Cuando experimentás días en los que se vuelve aplastante la incapacidad de levantarte (en todo sentido) y trabajar en vos, entendés que después de todo, levantarte e ir al trabajo, no es tan agobiante (y hasta lo deseas).
Cuando vivís en la propia carne, y alma, y espíritu, la enfermiza oscuridad y violencia de una psiquis perturbada, entendés lo irresponsable de la romantización de la insanía.
Cuando salir de un estado doliente y peligroso que te retiene y aprisiona se vuelve urgente, entendés el verdadero significado de la ansiedad, de la desesperación, de la no paciencia, del sentir que no hay tiempo para darle tiempo, que no podés esperar. Sos una bomba, tic, tac...
Cuando sentís las cadenas de la dependencia hacerte surcos en la carne hasta llegar al hueso, entendés que la independencia y la libertad son valores a los que nos acostumbramos y hemos dado por sentados.
Cuando caminás por tanto tiempo el mismo laberinto, y a cada paso te perdés más y más, y te planteás si en realidad no tendrá ninguna salida, entendés la importancia de la quietud y la pausa para volver a encontrar el norte.
Cuando la insoportable sensación de no querer estar en ningún lado te desorienta al punto de pensar que la única forma de no estar ningún sitio, es desaparecer, entendés que aquel insoportable espacio que no podés habitar, es tu propio ser.

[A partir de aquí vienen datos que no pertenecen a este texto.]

lemma sum_block_le_norm_mult_norm: "(\<Sum>i\<in>I. \<Sum>j\<in>I. A$i$j * B$i$j) \<le> norm A * norm (B::real^'n^'n)"
proof -
  have "(\<Sum>i\<in>I. \<Sum>j\<in>I. A$i$j * B$i$j) \<le> norm (principal_block I A) * norm B"
    unfolding inner_principal_block[symmetric] by (rule norm_cauchy_schwarz)
  also have "\<dots> \<le> norm A * norm B"
    by (intro mult_right_mono norm_principal_block_le) simp
  finally show ?thesis .
qed

lemma sum_Compl: "sum g (- T) = sum g UNIV - sum (g :: 'n::finite \<Rightarrow> real) T"
  using sum.subset_diff[of T UNIV g] by (simp add: Compl_eq_Diff_UNIV)

lemma card_Compl: "card (- (A :: 'a::finite set)) = CARD('a) - card A"
  using card_Diff_subset[of A UNIV] by (simp add: Compl_eq_Diff_UNIV)

lemma sum_sum_Compl_eq:
  fixes F :: "'n::finite \<Rightarrow> 'n \<Rightarrow> real"
  assumes rows: "\<And>i. (\<Sum>j\<in>UNIV. F i j) = 0" and cols: "\<And>j. (\<Sum>i\<in>UNIV. F i j) = 0"
  shows "(\<Sum>i\<in>-T. \<Sum>j\<in>-T. F i j) = (\<Sum>i\<in>T. \<Sum>j\<in>T. F i j)"
proof -
  have "(\<Sum>i\<in>-T. \<Sum>j\<in>-T. F i j) = - (\<Sum>i\<in>-T. \<Sum>j\<in>T. F i j)"
    by (simp add: sum_Compl[of "F _"] rows sum_negf)
  also have "\<dots> = - (\<Sum>j\<in>T. \<Sum>i\<in>-T. F i j)"
    by (subst sum.swap) simp
  also have "\<dots> = (\<Sum>j\<in>T. \<Sum>i\<in>T. F i j)"
    by (simp add: sum_Compl[of "\<lambda>i. F i _"] cols sum_negf)
  also have "\<dots> = (\<Sum>i\<in>T. \<Sum>j\<in>T. F i j)"
    by (rule sum.swap)
  finally show ?thesis .
qed

lemma sum_sum_le_Compl_block:
  fixes G :: "'n::finite \<Rightarrow> 'n \<Rightarrow> real"
  assumes sym: "\<And>i j. G i j = G j i" and nonneg: "\<And>i j. 0 \<le> G i j"
  shows "(\<Sum>i\<in>UNIV. \<Sum>j\<in>UNIV. G i j) \<le> (\<Sum>i\<in>-T. \<Sum>j\<in>-T. G i j) + 2 * (\<Sum>i\<in>T. \<Sum>j\<in>UNIV. G i j)"
proof -
  have "(\<Sum>i\<in>-T. \<Sum>j\<in>T. G i j) \<le> (\<Sum>i\<in>UNIV. \<Sum>j\<in>T. G i j)"
    by (rule sum_mono2) (auto intro: sum_nonneg nonneg)
  also have "\<dots> = (\<Sum>i\<in>T. \<Sum>j\<in>UNIV. G i j)"
    by (subst sum.swap) (simp add: sym)
  finally have "(\<Sum>i\<in>-T. \<Sum>j\<in>T. G i j) \<le> (\<Sum>i\<in>T. \<Sum>j\<in>UNIV. G i j)" .
  moreover have "sum (G i) UNIV = sum (G i) (-T) + sum (G i) T" for i
    by (simp add: sum_Compl)
  then have "(\<Sum>i\<in>-T. \<Sum>j\<in>UNIV. G i j) = (\<Sum>i\<in>-T. \<Sum>j\<in>-T. G i j) + (\<Sum>i\<in>-T. \<Sum>j\<in>T. G i j)"
    by (simp add: sum.distrib)
  moreover have "(\<Sum>i\<in>UNIV. \<Sum>j\<in>UNIV. G i j) = (\<Sum>i\<in>-T. \<Sum>j\<in>UNIV. G i j) + (\<Sum>i\<in>T. \<Sum>j\<in>UNIV. G i j)"
    by (simp add: sum_Compl)
  ultimately show ?thesis
    by linarith
qed

context moreau_split
begin

lemma norm_Q_squared_le:
  assumes "principal_psd M (-T)"
  shows "(norm Q)\<^sup>2 \<le> 2 * (\<Sum>i\<in>T. \<Sum>j\<in>UNIV. (Q$i$j)\<^sup>2) + (\<Sum>i\<in>T. \<Sum>j\<in>T. P$i$j * Q$i$j)"
proof -
  have Psym: "P$i$j = P$j$i" and Qsym: "Q$i$j = Q$j$i" for i j
    using psd_cone_entry_sym P_psd Q_psd by blast+
  have "0 \<le> inner Q (principal_block (-T) M)"
    by (rule Q_dual[OF principal_block_in_psd_cone[OF symmetric assms]])
  also have "\<dots> = (\<Sum>i\<in>-T. \<Sum>j\<in>-T. P$i$j * Q$i$j - (Q$i$j)\<^sup>2)"
    unfolding inner_principal_block_right inner_principal_block
    by (simp add: split algebra_simps power2_eq_square)
  finally have "(\<Sum>i\<in>-T. \<Sum>j\<in>-T. (Q$i$j)\<^sup>2) \<le> (\<Sum>i\<in>-T. \<Sum>j\<in>-T. P$i$j * Q$i$j)"
    by (simp add: sum_subtractf)
  also have "\<dots> = (\<Sum>i\<in>T. \<Sum>j\<in>T. P$i$j * Q$i$j)"
  proof (rule sum_sum_Compl_eq)
    show "(\<Sum>i\<in>UNIV. P$i$j * Q$i$j) = 0" for j
      using row_orthogonal[of j] by (simp add: Psym[of _ j] Qsym[of _ j])
  qed (rule row_orthogonal)
  finally have "(\<Sum>i\<in>-T. \<Sum>j\<in>-T. (Q$i$j)\<^sup>2) \<le> (\<Sum>i\<in>T. \<Sum>j\<in>T. P$i$j * Q$i$j)" .
  moreover have "(norm Q)\<^sup>2 \<le> (\<Sum>i\<in>-T. \<Sum>j\<in>-T. (Q$i$j)\<^sup>2) + 2 * (\<Sum>i\<in>T. \<Sum>j\<in>UNIV. (Q$i$j)\<^sup>2)"
    unfolding norm_matrix_squared by (rule sum_sum_le_Compl_block) (metis Qsym, simp)
  ultimately show ?thesis
    by linarith
qed

end

section \<open>The rank of the negative part\<close>

lemma dim_le_card_if_negative_definite:
  fixes M :: "real^'n^'n"
  assumes V: "subspace V" and neg: "\<And>v. v \<in> V \<Longrightarrow> v \<noteq> 0 \<Longrightarrow> v \<bullet> (M *v v) < 0"
    and pp: "principal_psd M (-T)"
  shows "dim V \<le> card T"
proof -
  define W where "W = {x::real^'n. \<forall>i\<in>T. x$i = 0}"
  have W: "subspace W"
    unfolding W_def subspace_def by auto
  have "V \<inter> W \<subseteq> {0}"
    using neg principal_psd_quadratic_nonneg[OF pp] by (force simp: W_def)
  then have "dim (V \<inter> W) = 0"
    by (simp add: dim_eq_0)
  have "axis i 1 \<in> W" if "i \<in> -T" for i
    using that by (auto simp: W_def axis_def)
  then have "card ((\<lambda>i. axis i (1::real)) ` (-T)) \<le> dim W"
    by (intro independent_card_le_dim independent_mono[OF independent_Basis])
       (auto simp: Basis_vec_def cart_basis_def)
  then have "CARD('n) - card T \<le> dim W"
    by (simp add: card_image inj_on_def axis_eq_axis card_Compl)
  moreover have "dim {x + y |x y. x \<in> V \<and> y \<in> W} \<le> CARD('n)"
    by (rule dim_subset_UNIV_cart)
  moreover have "card T \<le> CARD('n)"
    by (rule card_mono) auto
  ultimately show ?thesis
    using dim_sums_Int[OF V W] \<open>dim (V \<inter> W) = 0\<close> by linarith
qed

lemma trace_mult_eq_inner_transpose: "trace (A ** B) = inner (transpose A) (B::real^'n^'n)"
proof -
  have "trace (A ** B) = (\<Sum>i\<in>UNIV. \<Sum>k\<in>UNIV. A$i$k * B$k$i)"
    by (simp add: trace_def matrix_matrix_mult_def)
  also have "\<dots> = (\<Sum>k\<in>UNIV. \<Sum>i\<in>UNIV. A$i$k * B$k$i)"
    by (rule sum.swap)
  finally show ?thesis
    by (simp add: inner_matrix transpose_def)
qed

lemma symmetric_kernel_if_orthogonal_range:
  assumes "transpose Q = Q" and "\<And>y. (Q *v y) \<bullet> z = 0"
  shows "Q *v z = (0::real^'n)"
proof -
  have "(Q *v z) \<bullet> (Q *v z) = z \<bullet> (Q *v (Q *v z))"
    using inner_transpose_mult_vec[of z Q "Q *v z"] assms(1) by simp
  also have "\<dots> = 0"
    using assms(2) by (simp add: inner_commute)
  finally show ?thesis by simp
qed

context
  fixes B :: "(real^'n) set"
  assumes finite: "finite B"
    and orthonormal: "\<And>b c. b \<in> B \<Longrightarrow> c \<in> B \<Longrightarrow> b \<bullet> c = (if b = c then 1 else 0)"
begin

lemma inner_sum_outer_prod: "c \<in> B \<Longrightarrow> c \<bullet> ((\<Sum>b\<in>B. outer_prod b b) *v y) = c \<bullet> y"
proof -
  assume c: "c \<in> B"
  have "c \<bullet> ((\<Sum>b\<in>B. outer_prod b b) *v y) = (\<Sum>b\<in>B. inner (outer_prod b b) (outer_prod c y))"
    by (simp add: inner_outer_prod[symmetric] inner_sum_left)
  also have "\<dots> = (\<Sum>b\<in>B. (b \<bullet> y) * (c \<bullet> b))"
    by (simp add: inner_outer_prod outer_prod_mult_vec)
  also have "\<dots> = (\<Sum>b\<in>B. if b = c then c \<bullet> y else 0)"
    using c by (intro sum.cong refl) (auto simp: orthonormal)
  finally show ?thesis
    using c finite by simp
qed

lemma norm_sum_outer_prod: "norm (\<Sum>b\<in>B. outer_prod b b) = sqrt (card B)"
proof -
  have "(norm (\<Sum>b\<in>B. outer_prod b b))\<^sup>2 = (\<Sum>b\<in>B. \<Sum>c\<in>B. (c \<bullet> b)\<^sup>2)"
    by (simp add: power2_norm_eq_inner inner_sum_left inner_sum_right inner_outer_prod_outer_prod)
  also have "\<dots> = (\<Sum>b\<in>B. \<Sum>c\<in>B. if b = c then 1 else 0)"
    by (intro sum.cong refl) (simp add: orthonormal)
  also have "\<dots> = card B"
    using finite by simp
  finally show ?thesis
    by (simp add: real_sqrt_unique)
qed

end

text \<open>\<open>Q\<close> is unchanged by the orthogonal projection \<open>\<Pi>\<close> onto its range, so
  \<open>tr Q = \<langle>Q, \<Pi>\<rangle> \<le> \<parallel>Q\<parallel> \<parallel>\<Pi>\<parallel>\<close> with \<open>\<parallel>\<Pi>\<parallel>\<^sup>2 = rank Q\<close>.\<close>
lemma trace_le_sqrt_dim_range_mult_norm:
  fixes Q :: "real^'n^'n"
  assumes sym: "transpose Q = Q"
  shows "trace Q \<le> sqrt (dim (range ((*v) Q))) * norm Q"
proof -
  define V where "V = range ((*v) Q)"
  have "subspace V"
    unfolding V_def by (rule linear_subspace_image[OF matrix_vector_mul_linear subspace_UNIV])
  obtain B where "B \<subseteq> V" and orth: "pairwise orthogonal B" and unit: "\<And>x. x \<in> B \<Longrightarrow> norm x = 1"
    and "independent B" and card: "card B = dim V" and span: "span B = V"
    using orthonormal_basis_subspace[OF \<open>subspace V\<close>] by blast
  then have fin: "finite B"
    by (simp add: finiteI_independent)
  have on: "b \<bullet> c = (if b = c then 1 else 0)" if "b \<in> B" "c \<in> B" for b c
    using that orth unit by (auto simp: pairwise_def orthogonal_def dot_square_norm)
  define Proj where "Proj = (\<Sum>b\<in>B. outer_prod b b)"
  have "Q *v (Proj *v y - y) = 0" for y
  proof (rule symmetric_kernel_if_orthogonal_range[OF sym])
    have "orthogonal (Proj *v y - y) c" if "c \<in> B" for c
      using inner_sum_outer_prod[OF fin on that]
      by (simp add: Proj_def orthogonal_def inner_diff_left inner_diff_right inner_commute)
    moreover have "Q *v x \<in> span B" for x
      using span by (simp add: V_def)
    ultimately have "orthogonal (Proj *v y - y) (Q *v x)" for x
      by (metis orthogonal_to_span)
    then show "(Q *v x) \<bullet> (Proj *v y - y) = 0" for x
      by (simp add: orthogonal_def inner_commute)
  qed
  then have "Q ** Proj = Q"
    by (simp add: matrix_eq matrix_vector_mul_assoc[symmetric] matrix_vector_mult_diff_distrib)
  then have "trace Q = inner Q Proj"
    using trace_mult_eq_inner_transpose[of Q Proj] sym by simp
  also have "\<dots> \<le> norm Q * norm Proj"
    by (rule norm_cauchy_schwarz)
  also have "norm Proj = sqrt (dim V)"
    using norm_sum_outer_prod[OF fin on] card by (simp add: Proj_def)
  finally show ?thesis
    by (simp add: V_def mult.commute)
qed

context moreau_split
begin

lemma negative_definite_on_range:
  assumes "v \<in> range ((*v) Q)" and "v \<noteq> 0"
  shows "v \<bullet> (M *v v) < 0"
proof -
  obtain y where y: "v = Q *v y" using assms(1) by auto
  have "P *v v = 0"
    using mult_zero by (simp add: y matrix_vector_mul_assoc)
  then have Mv: "M *v v = - (Q *v v)"
    by (simp add: split matrix_vector_mult_diff_rdistrib)
  have "v \<bullet> (Q *v v) \<noteq> 0"
  proof
    assume "v \<bullet> (Q *v v) = 0"
    then have "Q *v v = 0" by (rule psd_cone_kernel[OF Q_psd])
    then have "v \<bullet> v = 0"
      using inner_transpose_mult_vec[of y Q v] psd_cone_transpose[OF Q_psd] y
      by (simp add: inner_commute)
    then show False using assms(2) by simp
  qed
  then show ?thesis
    using psd_cone_nonneg[OF Q_psd, of v] by (simp add: Mv)
qed

lemma dim_range_Q_le:
  assumes "principal_psd M (-T)"
  shows "dim (range ((*v) Q)) \<le> card T"
  by (rule dim_le_card_if_negative_definite[OF _ negative_definite_on_range assms])
     (auto intro: linear_subspace_image[OF matrix_vector_mul_linear subspace_UNIV])

lemma trace_Q_le:
  assumes "principal_psd M (-T)"
  shows "trace Q \<le> sqrt (card T) * norm Q"
proof -
  have "trace Q \<le> sqrt (dim (range ((*v) Q))) * norm Q"
    by (rule trace_le_sqrt_dim_range_mult_norm[OF psd_cone_transpose[OF Q_psd]])
  also have "\<dots> \<le> sqrt (card T) * norm Q"
    using dim_range_Q_le[OF assms] by (intro mult_right_mono) auto
  finally show ?thesis .
qed

end

section \<open>Averaging over subsets\<close>

lemma sum_sum_double_counting:
  assumes "finite F" "finite L" "\<And>T. T \<in> F \<Longrightarrow> h T \<subseteq> L"
  shows "(\<Sum>T\<in>F. \<Sum>p\<in>h T. f p) = (\<Sum>p\<in>L. f p * real (card {T\<in>F. p \<in> h T}))"
proof -
  have "(\<Sum>T\<in>F. \<Sum>p\<in>h T. f p) = (\<Sum>T\<in>F. \<Sum>p\<in>{p. p \<in> L \<and> p \<in> h T}. f p)"
    using assms(3) by (intro sum.cong refl) blast
  also have "\<dots> = (\<Sum>p\<in>L. \<Sum>T\<in>{T. T \<in> F \<and> p \<in> h T}. f p)"
    by (rule sum.swap_restrict[OF assms(1,2)])
  finally show ?thesis
    by (simp add: mult.commute Collect_conj_eq)
qed

lemma card_subsets_containing:
  assumes "finite L" and "B \<subseteq> L" and "card B \<le> m"
  shows "card {T. T \<subseteq> L \<and> card T = m \<and> B \<subseteq> T} = (card L - card B) choose (m - card B)"
proof -
  have finB: "finite B" using assms(1,2) finite_subset by blast
  have "bij_betw (\<lambda>T. T - B) {T. T \<subseteq> L \<and> card T = m \<and> B \<subseteq> T} {U. U \<subseteq> L - B \<and> card U = m - card B}"
  proof (rule bij_betw_byWitness[where f' = "\<lambda>U. U \<union> B"])
    show "(\<lambda>U. U \<union> B) ` {U. U \<subseteq> L - B \<and> card U = m - card B} \<subseteq> {T. T \<subseteq> L \<and> card T = m \<and> B \<subseteq> T}"
    proof clarify
      fix U assume U: "U \<subseteq> L - B" "card U = m - card B"
      have "card (U \<union> B) = card U + card B"
        using U assms(1) finB by (intro card_Un_disjoint) (auto dest: finite_subset)
      then show "U \<union> B \<subseteq> L \<and> card (U \<union> B) = m \<and> B \<subseteq> U \<union> B"
        using U assms(2,3) by auto
    qed
  qed (use finB in \<open>auto simp: card_Diff_subset\<close>)
  then have "card {T. T \<subseteq> L \<and> card T = m \<and> B \<subseteq> T} = card {U. U \<subseteq> L - B \<and> card U = m - card B}"
    by (rule bij_betw_same_card)
  also have "\<dots> = card (L - B) choose (m - card B)"
    using assms(1) by (intro n_subsets) auto
  finally show ?thesis
    using finB assms(2) by (simp add: card_Diff_subset)
qed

Cuando no sabés quién sos, y sentís que nadie de quién has sido (o pretendido ser) todo este tiempo te revela tu verdadera identidad, entendés lo importante de los deseos, de la motivación, de construir y de aquel elemento imperceptible que existe detrás de todo eso. Y duele en lo más profundo no poderlo encontrar (encontrarte).
Qué difícil ser.
Qué inútil entender lo que te pasa cuando de todos modos no sabés qué hacer con esa información.